How can we fix this?

Node JS got that unsexy “meh I’ll deal with that later” feature called Streams. I know, the docs look cryptic and horrifying. It got so many classes and functions to deal with. But trust me, everything is easy once you understand the basic idea behind Streams. Let me explain Stream as simple as I could.

Streams

A stream is a way to handle data piece by piece, instead of all at once. Instead of waiting for everything to load before you start working with it, a stream lets you start processing as soon as the first chunk arrives.

A stream can be thought of as items on a conveyor belt being processed one at a time rather than in large batches.

– Streams @ Wikipedia

The basic idea is that, you don’t wait for everything to be there.
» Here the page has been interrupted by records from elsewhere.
lemma l2inner_abs_le_Young:
  assumes f: "L2 D f" and d: "L2 D d" and l: "0 < l"
  shows "\<bar>l2inner D f d\<bar> \<le> (l * l2inner D f f + l2inner D d d / l) / 2"
proof -
  let ?R = "\<lambda>x. (l * (norm (f x))\<^sup>2 + (norm (d x))\<^sup>2 / l) / 2"
  have If: "set_integrable lborel D (\<lambda>x. (norm (f x))\<^sup>2)" and Id: "set_integrable lborel D (\<lambda>x. (norm (d x))\<^sup>2)"
    using f d L2_def by auto
  have IR: "set_integrable lborel D ?R"
    using If Id by (intro set_integral_add set_integrable_divide set_integrable_mult_right) auto
  have "\<bar>f x \<bullet> d x\<bar> \<le> ?R x" for x
  proof -
    have "2 * l * (norm (f x) * norm (d x)) \<le> l\<^sup>2 * (norm (f x))\<^sup>2 + (norm (d x))\<^sup>2"
      using sum_squares_ge_zero[of "l * norm (f x) - norm (d x)" 0]
      by (simp add: power2_eq_square algebra_simps)
    then have "norm (f x) * norm (d x) \<le> ?R x"
      using l by (simp add: field_simps power2_eq_square)
    then show ?thesis
      using Cauchy_Schwarz_ineq2[of "f x" "d x"] by linarith
  qed
  then have "\<bar>l2inner D f d\<bar> \<le> (LINT x:D|lborel. ?R x)"
    using set_integrable_inner_L2[OF f d] IR
    unfolding l2inner_def set_lebesgue_integral_def set_integrable_def
    by (intro integral_abs_bound_integral) (auto simp: indicator_def)
  also have "\<dots> = (l * l2inner D f f + l2inner D d d / l) / 2"
    unfolding l2inner_self using If Id by simp
  finally show ?thesis .
qed

lemma l2inner_eq_0_if_orthogonal_dense:
  assumes D: "D \<in> sets lborel" and f: "L2 D f" and g: "L2 D g"
    and C: "\<And>c. c \<in> C \<Longrightarrow> L2 D c" "\<And>c. c \<in> C \<Longrightarrow> l2inner D f c = 0"
    and dense: "\<And>\<eta>. 0 < \<eta> \<Longrightarrow> \<exists>c\<in>C. l2dist_sq D g c < \<eta>"
  shows "l2inner D f g = 0"
proof -
  let ?A = "l2inner D f f + 1"
  have A: "0 < ?A" using l2inner_self_nonneg[of D f] by linarith
  have bound: "\<bar>l2inner D f g\<bar> \<le> l * ?A / 2" if l: "0 < l" for l
  proof -
    obtain c where c: "c \<in> C" "l2dist_sq D g c < l\<^sup>2"
      using dense[of "l\<^sup>2"] l by auto
    have "l2inner D f g = l2inner D f (\<lambda>x. g x - c x)"
      using l2inner_diff_right[OF f g C(1)[OF c(1)]] C(2)[OF c(1)] by simp
    also have "\<bar>\<dots>\<bar> \<le> (l * l2inner D f f + l2dist_sq D g c / l) / 2"
      unfolding l2dist_sq_def by (rule l2inner_abs_le_Young[OF f L2_diff[OF D g C(1)[OF c(1)]] l])
    also have "\<dots> \<le> l * ?A / 2"
      using c(2) l by (simp add: field_simps power2_eq_square)
    finally show ?thesis .
  qed
  show ?thesis
  proof (rule ccontr)
    assume "l2inner D f g \<noteq> 0"
    then have "\<bar>l2inner D f g\<bar> \<le> \<bar>l2inner D f g\<bar> / 2"
      using bound[of "\<bar>l2inner D f g\<bar> / ?A"] A by simp
    with \<open>l2inner D f g \<noteq> 0\<close> show False by simp
  qed
qed

section \<open>Separability of \<open>L\<^sup>2\<close>\<close>

lemma l2inner_self_sum_scaleR_le:
  fixes e :: "nat \<Rightarrow> vfield"
  assumes D: "D \<in> sets lborel" and e: "\<And>k. L2 D (e k)" "\<And>k. l2inner D (e k) (e k) = 1"
    and d: "\<And>k. k < n \<Longrightarrow> \<bar>d k\<bar> \<le> \<theta>"
  shows "l2inner D (\<lambda>x. \<Sum>k<n. d k *\<^sub>R e k x) (\<lambda>x. \<Sum>k<n. d k *\<^sub>R e k x) \<le> \<theta>\<^sup>2 * n * n"
proof -
  have Ie: "set_integrable lborel D (\<lambda>x. (norm (e k x))\<^sup>2)" for k
    using e L2_def by auto
  have "(norm (\<Sum>k<n. d k *\<^sub>R e k x))\<^sup>2 \<le> (\<Sum>k<n. norm (d k *\<^sub>R e k x))\<^sup>2" for x
    by (intro power_mono norm_sum norm_ge_zero)
  also have "\<dots> x \<le> (\<Sum>k<n. (norm (d k *\<^sub>R e k x))\<^sup>2) * n" for x
    using sum_squared_le_sum_of_squares[of "\<lambda>k. norm (d k *\<^sub>R e k x)" "{..<n}"] by simp
  also have "\<dots> x \<le> (\<Sum>k<n. \<theta>\<^sup>2 * (norm (e k x))\<^sup>2) * n" for x
  proof -
    have "\<bar>d k\<bar>\<^sup>2 \<le> \<theta>\<^sup>2" if "k < n" for k
      using d[OF that] by (meson abs_ge_zero order_trans power_mono)
    then show ?thesis
      by (auto simp: power_mult_distrib intro!: mult_right_mono sum_mono)
  qed
  finally have pw: "(norm (\<Sum>k<n. d k *\<^sub>R e k x))\<^sup>2 \<le> \<theta>\<^sup>2 * n * (\<Sum>k<n. (norm (e k x))\<^sup>2)" for x
    by (simp add: sum_distrib_left mult_ac)
  have "l2inner D (\<lambda>x. \<Sum>k<n. d k *\<^sub>R e k x) (\<lambda>x. \<Sum>k<n. d k *\<^sub>R e k x)
      \<le> (LINT x:D|lborel. \<theta>\<^sup>2 * n * (\<Sum>k<n. (norm (e k x))\<^sup>2))"
    unfolding l2inner_self using L2_sum_scaleR[OF D e(1), where c=d and n=n] Ie pw
    by (intro set_integral_mono set_integrable_mult_right set_integrable_sum_real) (auto simp: L2_def)
  also have "\<dots> = \<theta>\<^sup>2 * n * (\<Sum>k<n. l2inner D (e k) (e k))"
    unfolding l2inner_self by (simp add: set_integral_sum_real[OF _ Ie])
  also have "\<dots> = \<theta>\<^sup>2 * n * n"
    using e by simp
  finally show ?thesis .
qed

lemma exists_rat_dist_less:
  fixes x :: real
  assumes "0 < \<theta>"
  shows "\<exists>\<rho>::rat. \<bar>x - of_rat \<rho>\<bar> < \<theta>"
proof -
  obtain q where "q \<in> \<rat>" "x < q" "q < x + \<theta>"
    using Rats_dense_in_real[of x "x + \<theta>"] assms by auto
  then show ?thesis
    by (metis Rats_cases abs_diff_less_iff diff_less_eq less_trans)
qed

definition rat_comb :: "(nat \<Rightarrow> vfield) \<Rightarrow> rat list \<Rightarrow> vfield" where
  "rat_comb e r x = (\<Sum>k<length r. real_of_rat (r ! k) *\<^sub>R e k x)"

lemma L2_rat_comb: "D \<in> sets lborel \<Longrightarrow> (\<And>k. L2 D (e k)) \<Longrightarrow> L2 D (rat_comb e r)"
  unfolding rat_comb_def[abs_def] by (rule L2_sum_scaleR)

lemma l2_onb_partial_sums_tendsto:
  assumes "l2_onb D e" "L2 D g"
  shows "(\<lambda>n. l2dist_sq D g (\<lambda>x. \<Sum>k<n. l2inner D g (e k) *\<^sub>R e k x)) \<longlonglongrightarrow> 0"
proof -
  let ?d = "\<lambda>n. l2dist_sq D g (\<lambda>x. \<Sum>k<n. l2inner D g (e k) *\<^sub>R e k x)"
  have "(\<lambda>n. sqrt (?d n)) \<longlonglongrightarrow> 0"
    using assms unfolding l2_onb_def l2norm_def fminus_def l2dist_sq_def by blast
  then have "(\<lambda>n. (sqrt (?d n))\<^sup>2) \<longlonglongrightarrow> 0\<^sup>2"
    by (intro tendsto_intros)
  then show ?thesis
    by (simp add: l2dist_sq_def l2inner_self_nonneg)
qed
You will operate on whatever you get in the moment and wait for other. In real life, mostly, we don’t want to do repeated things as they come. Instead we gather similar works together and batch them and do it together. But when it comes to computer, it will be inefficient to keep the computer idle to load all the things before processing.

Streams

So let’s rewrite our script which makes use of Streams.

const readStream = fs.createReadStream('./logs/2025-04-23.log');

Instead of readFileSync, we use createReadStream. This basically creates a pipe which reads one little chunk of data at a time. It doesn’t load the entire file like readFileSync.

Now that we’re streaming, we need a way to process lines as they come in. Node gives us a built-in module for that called readline.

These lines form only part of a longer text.